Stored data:
section \<open>Riesz representation and adjoints\<close>

lemma riesz_representation:
  fixes f :: "'a::chilbert_space \<Rightarrow> complex"
  assumes add: "\<And>x y. f (x + y) = f x + f y" and sc: "\<And>a x. f (scaleC a x) = a * f x"
    and bd: "\<And>x. cmod (f x) \<le> norm x * K"
  shows "\<exists>z. \<forall>x. f x = cinner x z"
proof (cases "\<forall>x. f x = 0")
  case True then show ?thesis by (intro exI[of _ 0]) simp
next
  case False
  then obtain u where u: "f u \<noteq> 0" by auto
  have bl: "bounded_linear f"
    by (rule bounded_linear_intro[where K=K]) (auto simp: add bd sc[of "complex_of_real _", folded scaleR_scaleC] scaleR_conv_of_real)
  define N where "N = {x. f x = 0}"
  have Nc: "closed N" unfolding N_def
    by (intro closed_Collect_eq bounded_linear.continuous_on[OF bl] continuous_on_id continuous_on_const)
  have f0: "f 0 = 0" using sc[of 0 0] by simp
  have Ns: "csubspace N" by (auto simp: csubspace_def N_def add sc f0)
  define w where "w = u - orth_proj N u"
  have wperp: "\<And>y. y \<in> N \<Longrightarrow> cinner w y = 0" using orth_proj_orthogonal[OF Ns Nc] by (simp add: w_def)
  have fw: "f w = f u"
  proof -
    have "orth_proj N u \<in> N" by (rule orth_proj_mem[OF Ns Nc])
    then have "f (orth_proj N u) = 0" by (simp add: N_def)
    moreover have "f w + f (orth_proj N u) = f u" using add[of w "orth_proj N u"] by (simp add: w_def)
    ultimately show ?thesis by simp
  qed
  have w0: "w \<noteq> 0" using fw u f0 by auto
  have nw: "cinner w w \<noteq> 0" using w0 by (simp add: cinner_self_eq_zero)
  define z where "z = scaleC (cnj (f w) / cnj (cinner w w)) w"
  show ?thesis
  proof (intro exI allI)
    fix x
    define v where "v = scaleC (f w) x - scaleC (f x) w"
    have "v = scaleC (f w) x + scaleC (- f x) w" by (simp add: v_def scaleC_minus_left)
    then have "f v = f w * f x + (- f x) * f w" by (simp add: add sc)
    then have "v \<in> N" by (simp add: N_def)
    then have "cinner v w = 0" using wperp[of v] by (simp add: cinner_commute[of v w])
    then have "f w * cinner x w = f x * cinner w w"
      by (simp add: v_def cinner_diff_left cinner_scaleC_left)
    then have "f x = f w * cinner x w / cinner w w" using nw by (simp add: field_simps)
    also have "\<dots> = cinner x z"
      by (simp add: z_def cinner_scaleC_right)
    finally show "f x = cinner x z" .
  qed
qed
lemma sum_degree_eq_twice_num_edges:
  assumes "simple_graph n E"
  shows "(\<Sum>i<n. degree n E i) = 2 * num_edges n E"
proof -
  let ?L = "{(i, j). i < j \<and> j < n \<and> E i j}" and ?U = "{(i, j). j < i \<and> i < n \<and> E i j}"
  have "(\<Sum>i<n. degree n E i) = card (SIGMA i:{..<n}. {j. j < n \<and> E i j})"
    unfolding degree_def by (simp add: card_SigmaI)
  also have "(SIGMA i:{..<n}. {j. j < n \<and> E i j}) = ?L \<union> ?U"
    using assms unfolding simple_graph_def by (auto simp: neq_iff)
  also have "card (?L \<union> ?U) = card ?L + card ?U"
    by (rule card_Un_disjoint) (auto intro: finite_subset[of _ "{..<n} \<times> {..<n}"])
  also have "?U = (\<lambda>(i, j). (j, i)) ` ?L" using assms unfolding simple_graph_def by auto
  also have "card \<dots> = card ?L" by (rule card_image) (auto simp: inj_on_def)
  finally show ?thesis unfolding num_edges_def by simp
qed

lemma trace_adj_matrix_square:
  assumes "simple_graph n E"
  shows "trace (adj_matrix n E ^\<^sub>m 2) = 2 * real (num_edges n E)"
proof -
  let ?A = "adj_matrix n E"
  have "trace (?A ^\<^sub>m 2) = (\<Sum>i<n. (?A * ?A) $$ (i, i))"
    by (simp add: trace_def numeral_2_eq_2)
  also have "\<dots> = (\<Sum>i<n. \<Sum>l<n. ?A $$ (i, l) * ?A $$ (l, i))"
    by (intro sum.cong refl index_mult_mat_sum) auto
  also have "\<dots> = (\<Sum>i<n. real (degree n E i))"
    using assms unfolding simple_graph_def
    by (intro sum.cong refl) (auto simp: degree_eq_sum_adj_matrix intro!: sum.cong)
  also have "\<dots> = 2 * real (num_edges n E)"
    using sum_degree_eq_twice_num_edges[OF assms] by (metis of_nat_mult of_nat_numeral of_nat_sum)
  finally show ?thesis .
qed

lemma min_degree_attained:
  assumes "0 < n"
  obtains v where "v < n" "degree n E v = min_degree n E"
proof -
  have "min_degree n E \<in> degree n E ` {0..<n}"
    unfolding min_degree_def using assms by (intro Min_in) auto
  then show thesis using that by auto
qed

lemma min_degree_le: "i < n \<Longrightarrow> min_degree n E \<le> degree n E i"
  unfolding min_degree_def by (intro Min_le) auto

definition ones_except :: "nat \<Rightarrow> nat \<Rightarrow> real vec" where
  "ones_except n v = vec n (\<lambda>i. if i = v then 0 else 1)"

lemma ones_except_carrier [simp]: "ones_except n v \<in> carrier_vec n"
  unfolding ones_except_def by simp

lemma scalar_prod_ones_except:
  assumes "v < n" "dim_vec w = n"
  shows "w \<bullet> ones_except n v = (\<Sum>j<n. w $ j) - w $ v"
proof -
  have "w \<bullet> ones_except n v = (\<Sum>j<n. w $ j - (if j = v then w $ j else 0))"
    using assms by (auto simp: scalar_prod_def ones_except_def lessThan_atLeast0 intro!: sum.cong)
  also have "\<dots> = (\<Sum>j<n. w $ j) - w $ v" using assms by (simp add: sum_subtractf)
  finally show ?thesis .
qed

lemma ones_except_self:
  assumes "v < n"
  shows "ones_except n v \<bullet> ones_except n v = real n - 1"
proof -
  have "ones_except n v \<bullet> ones_except n v = (\<Sum>j<n. 1 - (if j = v then 1 else 0))"
    using scalar_prod_ones_except[OF assms, of "ones_except n v"] assms
    by (simp add: ones_except_def if_distrib cong: if_cong)
  then show ?thesis using assms by (simp add: sum_subtractf)
qed
lemma cong_Iq_diff: "cong_Iq s f g \<Longrightarrow> cong_Iq s f' g' \<Longrightarrow> cong_Iq s (f - f') (g - g')"
  unfolding cong_Iq_def using Iq_diff[of "f - g" s "f' - g'"] by (simp add: algebra_simps)

lemma cong_Iq_smul: "cong_Iq s f g \<Longrightarrow> cong_Iq s (smul c f) (smul c g)"
  unfolding cong_Iq_def by (simp add: smul_diff[symmetric] Iq_smul)

lemma cong_Iq_smul_trans:
  "cong_Iq s f (smul c g) \<Longrightarrow> cong_Iq s g (smul d h) \<Longrightarrow> cong_Iq s f (smul (c * d) h)"
  using cong_Iq_trans cong_Iq_smul by (fastforce simp: smul_smul)

lemma cong_Iq_fmul_mon_left: "cong_Iq s f g \<Longrightarrow> cong_Iq s (fmul (mon u) f) (fmul (mon u) g)"
  unfolding cong_Iq_def by (simp add: fmul_diff_right[symmetric] Iq_fmul_mon_left)

lemma cong_Iq_fmul_mon_right: "cong_Iq s f g \<Longrightarrow> cong_Iq s (fmul f (mon v)) (fmul g (mon v))"
  unfolding cong_Iq_def by (simp add: fmul_diff_left[symmetric] Iq_fmul_mon_right)

lemma cong_Iq_lincomb_diff:
  assumes "cong_Iq s a (smul c1 m + smul d1 X)" and "cong_Iq s b (smul c2 m + smul d2 X)"
  shows "cong_Iq s (a - smul c b) (smul (c1 - c * c2) m + smul (d1 - c * d2) X)"
proof -
  have "cong_Iq s (a - smul c b) (smul c1 m + smul d1 X - smul c (smul c2 m + smul d2 X))"
    using assms by (intro cong_Iq_diff cong_Iq_smul)
  moreover have "smul c1 m + smul d1 X - smul c (smul c2 m + smul d2 X)
               = smul (c1 - c * c2) m + smul (d1 - c * d2) X"
    by (simp add: smul_def fun_eq_iff algebra_simps)
  ultimately show ?thesis by simp
qed

definition qcommute :: "complex \<Rightarrow> gen \<Rightarrow> gen \<Rightarrow> complex \<Rightarrow> bool" where
  "qcommute s x y c \<longleftrightarrow> (\<forall>u v. cong_Iq s (mon (u @ [x, y] @ v)) (smul c (mon (u @ [y, x] @ v))))"

lemma qcommute_of_rel:
  assumes "mon [x, y] - smul c (mon [y, x]) \<in> rels s"
  shows "qcommute s x y c"
  unfolding qcommute_def cong_Iq_def
proof (intro allI)
  fix u v
  have "fmul (mon u) (fmul (mon [x, y] - smul c (mon [y, x])) (mon v)) \<in> Iq s"
    using assms by (rule Iq_gen)
  then show "mon (u @ [x, y] @ v) - smul c (mon (u @ [y, x] @ v)) \<in> Iq s"
    by (simp add: fmul_diff_left fmul_diff_right fmul_smul_left fmul_smul_right fmul_mon_mon)
qed

lemma qcommute_ab: "qcommute s Ga Gb (s\<^sup>2)"
  and qcommute_ac: "qcommute s Ga Gc (s\<^sup>2)"
  and qcommute_bd: "qcommute s Gb Gd (s\<^sup>2)"
  and qcommute_cd: "qcommute s Gc Gd (s\<^sup>2)"
  and qcommute_bc: "qcommute s Gb Gc 1"
  by (rule qcommute_of_rel; simp add: rels_def Let_def)+

lemma qcommute_swap:
  assumes "qcommute s x y c" and "c \<noteq> 0"
  shows "qcommute s y x (1 / c)"
  unfolding qcommute_def
proof (intro allI)
  fix u v
  have "cong_Iq s (smul (1 / c) (mon (u @ [x, y] @ v))) (smul (1 / c) (smul c (mon (u @ [y, x] @ v))))"
    using assms(1) unfolding qcommute_def by (blast intro: cong_Iq_smul)
  then show "cong_Iq s (mon (u @ [y, x] @ v)) (smul (1 / c) (mon (u @ [x, y] @ v)))"
    using assms(2) by (simp add: smul_smul cong_Iq_sym)
qed

lemma qcommute_cb: "qcommute s Gc Gb 1"
  using qcommute_swap[OF qcommute_bc] by simp

lemma qcommute_ba: "s \<noteq> 0 \<Longrightarrow> qcommute s Gb Ga (1 / s\<^sup>2)"
  and qcommute_ca: "s \<noteq> 0 \<Longrightarrow> qcommute s Gc Ga (1 / s\<^sup>2)"
  by (simp_all add: qcommute_swap qcommute_ab qcommute_ac)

ACTION ITEM: Return every line from the records above that holds the word "rule".

RESULT:
    by (rule bounded_linear_intro[where K=K]) (auto simp: add bd sc[of "complex_of_real _", folded scaleR_scaleC] scaleR_conv_of_real)
    have "orth_proj N u \<in> N" by (rule orth_proj_mem[OF Ns Nc])
    by (rule card_Un_disjoint) (auto intro: finite_subset[of _ "{..<n} \<times> {..<n}"])
  also have "card \<dots> = card ?L" by (rule card_image) (auto simp: inj_on_def)
    using assms by (rule Iq_gen)
  by (rule qcommute_of_rel; simp add: rels_def Let_def)+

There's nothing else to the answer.